Нет, «душа» – это не эвфемизм. Это реальность. И душа не ждет «кого-нибудь». Ей, душе, не все равно, кого полюбить! То, что мы называем душой человека, – это лишь половинка его души. Половинки, затерявшиеся в мире, ищут друг друга. И, лишь найдя, сливаются воедино, образуя единую и цельную душу. А если половинка твоей души, заблудившись в повседневности, по ошибке соединится не со своей половинкой, то потом, встретив настоящую, ты даже не сумеешь вспомнить имени той, которую так долго по ошибке принимал за нее.

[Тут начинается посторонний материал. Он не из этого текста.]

(* For an arbitrary sequence of instances $\{\mathcal{I}_N\}$ of the binary voting game, let $\Sigma_N$ be a sincere strategy profile in $\mathcal{I}_N$. Then $\lim_{N\to\infty}A(\Sigma_N)=1$ if and only if there is a sequence $\varepsilon_N\to0$ such that for every $N$, $\Sigma_N$ is an $\varepsilon_N$-strong Bayes Nash Equilibrium.
   Context: Binary voting game. An instance has $N$ agents each voting for $\mathbf{A}$ or $\mathbf{R}$. Unobserved world state $W\in\{L,H\}$ with common prior $P_L,P_H>0$. Conditional on $W$, each agent independently receives a signal $S_n\in\{l,h\}$ with $P_{sw}=\Pr[S_n=s\mid W=w]$, $P_{hH}>P_{hL}$, $P_{lH}<P_{lL}$. With threshold $\mu\in(0,1)$, $\mathbf{A}$ wins iff at least $\mu N$ agents vote $\mathbf{A}$, else $\mathbf{R}$ wins. Agent $n$ has utility $v_n:\{L,H\}\times\{\mathbf{A},\mathbf{R}\}\to\{0,\dots,B\}$ ($B$ fixed) with $v_n(H,\mathbf{A})>v_n(L,\mathbf{A})$, $v_n(H,\mathbf{R})<v_n(L,\mathbf{R})$. Every agent is friendly ($v_n(H,\mathbf{A})>v_n(L,\mathbf{A})>v_n(L,\mathbf{R})>v_n(H,\mathbf{R})$), unfriendly ($v_n(L,\mathbf{R})>v_n(H,\mathbf{R})>v_n(H,\mathbf{A})>v_n(L,\mathbf{A})$) or contingent ($v_n(H,\mathbf{A})>v_n(H,\mathbf{R})$, $v_n(L,\mathbf{R})>v_n(L,\mathbf{A})$), with counts $\lfloor\alpha_FN\rfloor$, $\lfloor\alpha_UN\rfloor$, rest, for fixed $\alpha$'s summing to 1 with $\alpha_F<\mu$, $\alpha_U<1-\mu$ (informed majority decision: $\mathbf{A}$ in $H$, $\mathbf{R}$ in $L$). A sequence of instances: $\mathcal{I}_N$ has $N$ agents, all share $\mu$, prior, signal distribution, $\alpha$'s; utilities arbitrary. A strategy gives, for each signal, a probability of voting $\mathbf{A}$. Sincere profile: for each agent $n$ and signal $s$, with $u_n(\mathbf{X}\mid s)=\Pr[W=L\mid S_n=s]v_n(L,\mathbf{X})+\Pr[W=H\mid S_n=s]v_n(H,\mathbf{X})$ (posterior by Bayes' rule), agent $n$ on signal $s$ votes $\mathbf{A}$ if $u_n(\mathbf{A}\mid s)>u_n(\mathbf{R}\mid s)$ and $\mathbf{R}$ otherwise. $\lambda^{\mathbf{X}}_w(\Sigma)$: ex-ante probability that $\mathbf{X}$ wins in state $w$. Fidelity $A(\Sigma)=P_L\lambda^{\mathbf{R}}_L(\Sigma)+P_H\lambda^{\mathbf{A}}_H(\Sigma)$. Expected utility $u_n(\Sigma)=\sum_wP_w(\lambda^{\mathbf{A}}_w(\Sigma)v_n(w,\mathbf{A})+\lambda^{\mathbf{R}}_w(\Sigma)v_n(w,\mathbf{R}))$. $\Sigma$ is an $\varepsilon$-strong Bayes Nash Equilibrium if there is no set $D$ of agents and profile $\Sigma'$ with $\sigma'_n=\sigma_n$ for $n\notin D$, $u_n(\Sigma')\ge u_n(\Sigma)$ for all $n\in D$ and $u_n(\Sigma')>u_n(\Sigma)+\varepsilon$ for some $n\in D$. *)

theory Defs
  imports Complex_Main
begin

Потому что любовь – это прорыв в сверхреальность.
Если даже стать на точку зрения Зощенко и счесть такой взгляд на вещи обманом (в лучшем случае – самообманом), придется признать, что интеллигенты (во всяком случае, лучшие из них) обманывают себя и других не из грубых корыстных побуждений. Этот самообман им жизненно необходим. Интеллигент просто не в силах продолжать свое земное существование, зная, что человек – это всего лишь атом, жалкая пылинка, бессмысленно затерявшаяся в необъятных просторах Вселенной. Уже одно только допущение правомерности такого взгляда на жизнь подводит интеллигента к самому краю пропасти, ставит его на грань самоубийства.

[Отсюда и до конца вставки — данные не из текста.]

(* Let $(S,g_1^0,g_2^0,g_3^0,D_1,D_2,D_3,\xi)\in\mathrm{MC}_{\mathrm{pre}}$. Then for all $A,B\in C^\infty(S,\mathbb{R})$ with $A,B>0$ and all $\sigma\in\{-1,+1\}$, $$\big(S,\,Ag_1^0,\,Ag_2^0,\,Ag_3^0,\,\sigma AB^{g_2^0+g_3^0}D_1,\,\sigma AB^{g_3^0+g_1^0}D_2,\,\sigma AB^{g_1^0+g_2^0}D_3,\,\xi+\log A+(g_1^0+g_2^0+g_3^0)\log B\big)\in\mathrm{MC}_{\mathrm{pre}}.$$
   Context: "Cyclic $(i,j,k)$" means $(i,j,k)\in\{(1,2,3),(2,3,1),(3,1,2)\}$. Let $S$ be a smooth manifold diffeomorphic to $\mathbb{R}^3$ and $D_1,D_2,D_3$ a frame of vector fields on $S$; its structure functions $c_{jk}^i\in C^\infty(S,\mathbb{R})$ are defined by $[D_j,D_k]=\sum_{i=1}^3c_{jk}^iD_i$ (so $c_{jk}^i=-c_{kj}^i$). $\mathrm{MC}_{\mathrm{pre}}$ is the set of tuples $(S,g_1^0,g_2^0,g_3^0,D_1,D_2,D_3,\xi)$ with $g_i^0,\xi\in C^\infty(S,\mathbb{R})$ satisfying (E1) $0=g_2^0g_3^0+g_3^0g_1^0+g_1^0g_2^0$, and (E2) $0=D_i(g_j^0+g_k^0)+c_{ij}^j(g_i^0-g_j^0)+c_{ik}^k(g_i^0-g_k^0)-2D_i(\xi)g_i^0$ for all cyclic $(i,j,k)$. Here $B^{f}$ means $e^{f\log B}$. *)

theory Defs
  imports "HOL-Analysis.Analysis"
begin

text \<open>The manifold S (diffeomorphic to R^3) is modelled as R^3 itself, as the type real^3.\<close>

type_synonym pt = "real^3"

text \<open>Smooth (C-infinity) real functions on R^3: differentiable everywhere, and all
  partial derivatives are again smooth (greatest fixed point, i.e. all iterated partial
  derivatives exist).\<close>
coinductive smooth_fun :: "(pt \<Rightarrow> real) \<Rightarrow> bool" where
  "(\<forall>p. f differentiable (at p)) \<Longrightarrow>
   (\<forall>i. smooth_fun (\<lambda>p. frechet_derivative f (at p) (axis i 1))) \<Longrightarrow> smooth_fun f"

definition smooth_vf :: "(pt \<Rightarrow> real^3) \<Rightarrow> bool" where
  "smooth_vf X \<longleftrightarrow> (\<forall>i. smooth_fun (\<lambda>p. X p $ i))"

definition vf_app :: "(pt \<Rightarrow> real^3) \<Rightarrow> (pt \<Rightarrow> real) \<Rightarrow> pt \<Rightarrow> real" where
  "vf_app X f p = frechet_derivative f (at p) (X p)"

text \<open>Lie bracket [X,Y] of vector fields, so that [X,Y](f) = X(Y f) - Y(X f).\<close>
definition lie_bracket :: "(pt \<Rightarrow> real^3) \<Rightarrow> (pt \<Rightarrow> real^3) \<Rightarrow> pt \<Rightarrow> real^3" where
  "lie_bracket X Y p = frechet_derivative Y (at p) (X p) - frechet_derivative X (at p) (Y p)"

definition is_frame :: "(nat \<Rightarrow> pt \<Rightarrow> real^3) \<Rightarrow> bool" where
  "is_frame D \<longleftrightarrow> (\<forall>i\<in>{1,2,3}. smooth_vf (D i)) \<and>
     (\<forall>p (a::nat \<Rightarrow> real). (\<Sum>n\<in>{1,2,3::nat}. a n *\<^sub>R D n p) = 0 \<longrightarrow> (\<forall>n\<in>{1,2,3}. a n = 0))"

text \<open>Structure functions: [D_j, D_k] = sum_i c^i_{jk} D_i; struct_fun D i j k = c^i_{jk}.\<close>
definition struct_fun :: "(nat \<Rightarrow> pt \<Rightarrow> real^3) \<Rightarrow> nat \<Rightarrow> nat \<Rightarrow> nat \<Rightarrow> pt \<Rightarrow> real" where
  "struct_fun D i j k p =
     (THE a::nat \<Rightarrow> real. (\<forall>n. n \<notin> {1,2,3} \<longrightarrow> a n = 0) \<and>
        lie_bracket (D j) (D k) p = (\<Sum>n\<in>{1,2,3::nat}. a n *\<^sub>R D n p)) i"

definition idx3 :: "'a \<Rightarrow> 'a \<Rightarrow> 'a \<Rightarrow> nat \<Rightarrow> 'a" where
  "idx3 x1 x2 x3 n = (if n = 1 then x1 else if n = 2 then x2 else x3)"

definition cyclic3 :: "(nat \<times> nat \<times> nat) set" where
  "cyclic3 = {(1,2,3), (2,3,1), (3,1,2)}"

definition MC_pre :: "(pt \<Rightarrow> real) \<Rightarrow> (pt \<Rightarrow> real) \<Rightarrow> (pt \<Rightarrow> real) \<Rightarrow>
    (pt \<Rightarrow> real^3) \<Rightarrow> (pt \<Rightarrow> real^3) \<Rightarrow> (pt \<Rightarrow> real^3) \<Rightarrow> (pt \<Rightarrow> real) \<Rightarrow> bool" where
  "MC_pre g1 g2 g3 D1 D2 D3 \<xi> \<longleftrightarrow>
     (let g = idx3 g1 g2 g3; D = idx3 D1 D2 D3; c = struct_fun D in
     smooth_fun g1 \<and> smooth_fun g2 \<and> smooth_fun g3 \<and> smooth_fun \<xi> \<and> is_frame D \<and>
     (\<forall>p. 0 = g2 p * g3 p + g3 p * g1 p + g1 p * g2 p) \<and>
     (\<forall>(i,j,k)\<in>cyclic3. \<forall>p.
        0 = vf_app (D i) (\<lambda>q. g j q + g k q) p
            + c j i j p * (g i p - g j p) + c k i k p * (g i p - g k p)
            - 2 * vf_app (D i) \<xi> p * g i p))"

end

theory Submission
  imports Defs
begin

(* Rescaling the frame to D_i' = F_i D_i changes the structure functions by
   c'^j_ij = F_i (c^j_ij + D_i(log |F_j|)), since the Lie bracket picks up the derivatives of the
   factors. For F_j = sigma A B^(g_k + g_i) these logarithmic derivatives are
   D_i(log A) + D_i(g_k + g_i) log B + (g_k + g_i) D_i(log B). After dividing (E2) for the new data
   by F_i A, the D_i(log A) terms cancel, the log B terms add up to -log B times the derivative of
   (E1), and the D_i(log B) terms to -2 D_i(log B) times (E1); what remains is (E2) for the old
   data. *)

(* smooth_fun is coinductive; its closure properties follow by coinduction up to this algebra,
   which contains every partial derivative of its members (hence the inverse, needed for ln). *)
inductive smooth_closure :: "(pt \<Rightarrow> real) \<Rightarrow> bool" where
  smooth_closure_base: "smooth_fun f \<Longrightarrow> smooth_closure f"
| smooth_closure_const: "smooth_closure (\<lambda>p. c)"
| smooth_closure_add: "smooth_closure f \<Longrightarrow> smooth_closure g \<Longrightarrow> smooth_closure (\<lambda>p. f p + g p)"
| smooth_closure_mult: "smooth_closure f \<Longrightarrow> smooth_closure g \<Longrightarrow> smooth_closure (\<lambda>p. f p * g p)"
| smooth_closure_exp: "smooth_closure f \<Longrightarrow> smooth_closure (\<lambda>p. exp (f p))"
| smooth_closure_inverse: "smooth_closure f \<Longrightarrow> \<forall>p. f p > 0 \<Longrightarrow> smooth_closure (\<lambda>p. inverse (f p))"
| smooth_closure_ln: "smooth_closure f \<Longrightarrow> \<forall>p. f p > 0 \<Longrightarrow> smooth_closure (\<lambda>p. ln (f p))"

lemma frechet_derivative_eqI: "(f has_derivative f') (at p) \<Longrightarrow> frechet_derivative f (at p) = f'"
  by (metis frechet_derivative_at)

lemmas has_frechet_derivative = frechet_derivative_works[THEN iffD1]

lemma smooth_closure_partials:
  assumes "smooth_closure f"
  shows "(\<forall>p. f differentiable (at p)) \<and> (\<forall>i. smooth_closure (\<lambda>p. frechet_derivative f (at p) (axis i 1)))"
  using assms
proof induction
  case (smooth_closure_base f)
  then show ?case by (auto elim: smooth_fun.cases intro: smooth_closure.smooth_closure_base)
next
  case (smooth_closure_const c)
  then show ?case by (simp add: smooth_closure.smooth_closure_const)
next
  case (smooth_closure_add f g)
  have "frechet_derivative (\<lambda>p. f p + g p) (at p) =
      (\<lambda>v. frechet_derivative f (at p) v + frechet_derivative g (at p) v)" for p
    using smooth_closure_add
    by (intro frechet_derivative_eqI has_derivative_add) (auto simp: frechet_derivative_works)
  then show ?case using smooth_closure_add by (auto intro!: smooth_closure.smooth_closure_add)
next
  case (smooth_closure_mult f g)
  have "frechet_derivative (\<lambda>p. f p * g p) (at p) =
      (\<lambda>v. f p * frechet_derivative g (at p) v + frechet_derivative f (at p) v * g p)" for p
    using smooth_closure_mult
    by (intro frechet_derivative_eqI has_derivative_mult) (auto simp: frechet_derivative_works)
  then show ?case using smooth_closure_mult
    by (auto intro!: smooth_closure.smooth_closure_add smooth_closure.smooth_closure_mult)
next
  case (smooth_closure_exp f)
  have D: "((\<lambda>p. exp (f p)) has_derivative (\<lambda>v. frechet_derivative f (at p) v * exp (f p))) (at p)" for p
    using smooth_closure_exp
    by (intro DERIV_compose_FDERIV[where f=exp] DERIV_exp) (auto simp: frechet_derivative_works)
  then show ?case using smooth_closure_exp
    by (auto simp: D[THEN frechet_derivative_eqI] differentiable_def
        intro!: smooth_closure.smooth_closure_mult smooth_closure.smooth_closure_exp)
next
  case (smooth_closure_inverse f)
  have "(inverse has_real_derivative (-1) * (inverse (f p) * inverse (f p))) (at (f p))" for p
    using DERIV_inverse[of "f p" UNIV] smooth_closure_inverse(2) by (simp add: less_imp_neq[symmetric])
  then have D: "((\<lambda>p. inverse (f p)) has_derivative
      (\<lambda>v. frechet_derivative f (at p) v * ((-1) * (inverse (f p) * inverse (f p))))) (at p)" for p
    using smooth_closure_inverse by (intro DERIV_compose_FDERIV) (auto simp: frechet_derivative_works)
  show ?case
  proof (intro conjI allI)
    show "(\<lambda>p. inverse (f p)) differentiable (at p)" for p
      using D by (auto simp: differentiable_def)
    show "smooth_closure (\<lambda>p. frechet_derivative (\<lambda>p. inverse (f p)) (at p) (axis i 1))" for i
      unfolding D[THEN frechet_derivative_eqI] using smooth_closure_inverse
      by (intro smooth_closure.smooth_closure_mult smooth_closure.smooth_closure_const
          smooth_closure.smooth_closure_inverse) auto
  qed
next
  case (smooth_closure_ln f)
  have D: "((\<lambda>p. ln (f p)) has_derivative (\<lambda>v. frechet_derivative f (at p) v * inverse (f p))) (at p)" for p
    using smooth_closure_ln
    by (intro DERIV_compose_FDERIV[where f=ln] DERIV_ln) (auto simp: frechet_derivative_works)
  then show ?case using smooth_closure_ln
    by (auto simp: D[THEN frechet_derivative_eqI] differentiable_def
        intro!: smooth_closure.smooth_closure_mult smooth_closure.smooth_closure_inverse)
qed

lemma smooth_closure_smooth_fun: "smooth_closure f \<Longrightarrow> smooth_fun f"
  by (coinduction arbitrary: f rule: smooth_fun.coinduct) (use smooth_closure_partials in blast)

lemma smooth_fun_differentiable: "smooth_fun f \<Longrightarrow> f differentiable (at p)"
  by (erule smooth_fun.cases) auto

«Без знания того, что я такое и зачем я здесь, нельзя жить. А знать я этого не могу, следовательно, нельзя жить», – говорил себе Левин.
«В бесконечном времени, в бесконечности материи, в бесконечном пространстве выделяется пузырек-организм, и пузырек этот подержится и лопнет, и пузырек этот – я».
Это была мучительная неправда, но это был единственный, последний результат вековых трудов мысли человеческой в этом направлении.
Это было то последнее верование, на котором строились все, почти во всех отраслях, изыскания человеческой мысли. Это было царствующее убеждение, и Левин из всех других объяснений, как все-таки более ясное, невольно, сам не зная когда и как, усвоил именно это.
Но это не только была неправда, это была жестокая насмешка какой-то злой силы, злой, противной и такой, которой нельзя было подчиняться.
Надо было избавиться от этой силы. И избавление было в руках каждого. Надо было прекратить эту зависимость от зла. И было одно средство – смерть.
И, счастливый семьянин, здоровый человек, Левин был несколько раз так близок к самоубийству, что спрятал шнурок, чтобы не повеситься на нем, и боялся ходить с ружьем, чтобы не застрелиться.
Но Левин не застрелился и не повесился и продолжал жить.
(Лев Толстой)

Левин не застрелился и не повесился, потому что сумел уверить себя, что он – не атом, не пузырек, наполненный тщетой, который «подержится и лопнет». Он нашел свой путь к звездам, нашел способ утвердить свое равенство с «прекрасным созвездием Большой Медведицы», с этим бесконечным звездным миром, со всей Вселенной.
Вероятно, это далось ему без большого труда (иначе, надо полагать, он уж как-нибудь исхитрился бы разыскать шнурок, который сам же от себя спрятал).
В последующую эпоху интеллигенту, переживающему кризисы такого рода, было куда труднее. Но путь к спасению для него был – все тот же.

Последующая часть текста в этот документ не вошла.